[[ PROVIDED RECORDS open ]]

lemma geodesics_nth_dist:
  assumes "xs \<in> geodesics u v" "i < length xs"
  shows "l1_dist u (xs ! i) = int i" "l1_dist (xs ! i) v = l1_dist u v - int i"
proof -
  have chain: "lattice_chain xs" and ne: "xs \<noteq> []" and "hd xs = u" "last xs = v"
    and len: "int (length xs) = l1_dist u v + 1"
    using assms(1) by (auto simp: geodesics_def)
  then have "l1_dist u (xs ! i) \<le> int i"
    using lattice_chain_nth_dist[OF chain, of 0 i] assms(2) by (simp add: hd_conv_nth)
  moreover have "l1_dist (xs ! i) v \<le> l1_dist u v - int i"
    using lattice_chain_nth_dist[OF chain, of i "length xs - 1"] assms(2) len \<open>last xs = v\<close> ne
    by (simp add: last_conv_nth of_nat_diff)
  moreover have "l1_dist u v \<le> l1_dist u (xs ! i) + l1_dist (xs ! i) v"
    by (rule l1_dist_triangle)
  ultimately show "l1_dist u (xs ! i) = int i" "l1_dist (xs ! i) v = l1_dist u v - int i"
    by linarith+
qed

lemma geodesics_between:
  assumes "xs \<in> geodesics u v" "z \<in> set xs"
  shows "l1_dist u z + l1_dist z v = l1_dist u v"
  using assms geodesics_nth_dist[OF assms(1)] by (auto simp: in_set_conv_nth)

lemma geodesics_nonempty: "geodesics u v \<noteq> {}"
proof -
  have "l1_dist u v = int (nat (l1_dist u v))"
    using l1_dist_nonneg by simp
  from lattice_chain_exists[OF this] show ?thesis
    using l1_dist_nonneg[of u v] by (auto simp: geodesics_def)
qed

[[ PROVIDED RECORDS closed ]]

Make a verbatim copy of each record.

- [ANSWER TO THE PROBLEM]
lemma geodesics_nth_dist:
  assumes "xs \<in> geodesics u v" "i < length xs"
  shows "l1_dist u (xs ! i) = int i" "l1_dist (xs ! i) v = l1_dist u v - int i"
proof -
  have chain: "lattice_chain xs" and ne: "xs \<noteq> []" and "hd xs = u" "last xs = v"
    and len: "int (length xs) = l1_dist u v + 1"
    using assms(1) by (auto simp: geodesics_def)
  then have "l1_dist u (xs ! i) \<le> int i"
    using lattice_chain_nth_dist[OF chain, of 0 i] assms(2) by (simp add: hd_conv_nth)
  moreover have "l1_dist (xs ! i) v \<le> l1_dist u v - int i"
    using lattice_chain_nth_dist[OF chain, of i "length xs - 1"] assms(2) len \<open>last xs = v\<close> ne
    by (simp add: last_conv_nth of_nat_diff)
  moreover have "l1_dist u v \<le> l1_dist u (xs ! i) + l1_dist (xs ! i) v"
    by (rule l1_dist_triangle)
  ultimately show "l1_dist u (xs ! i) = int i" "l1_dist (xs ! i) v = l1_dist u v - int i"
    by linarith+
qed

lemma geodesics_between:
  assumes "xs \<in> geodesics u v" "z \<in> set xs"
  shows "l1_dist u z + l1_dist z v = l1_dist u v"
  using assms geodesics_nth_dist[OF assms(1)] by (auto simp: in_set_conv_nth)

lemma geodesics_nonempty: "geodesics u v \<noteq> {}"
proof -
  have "l1_dist u v = int (nat (l1_dist u v))"
    using l1_dist_nonneg by simp
  from lattice_chain_exists[OF this] show ?thesis
    using l1_dist_nonneg[of u v] by (auto simp: geodesics_def)
qed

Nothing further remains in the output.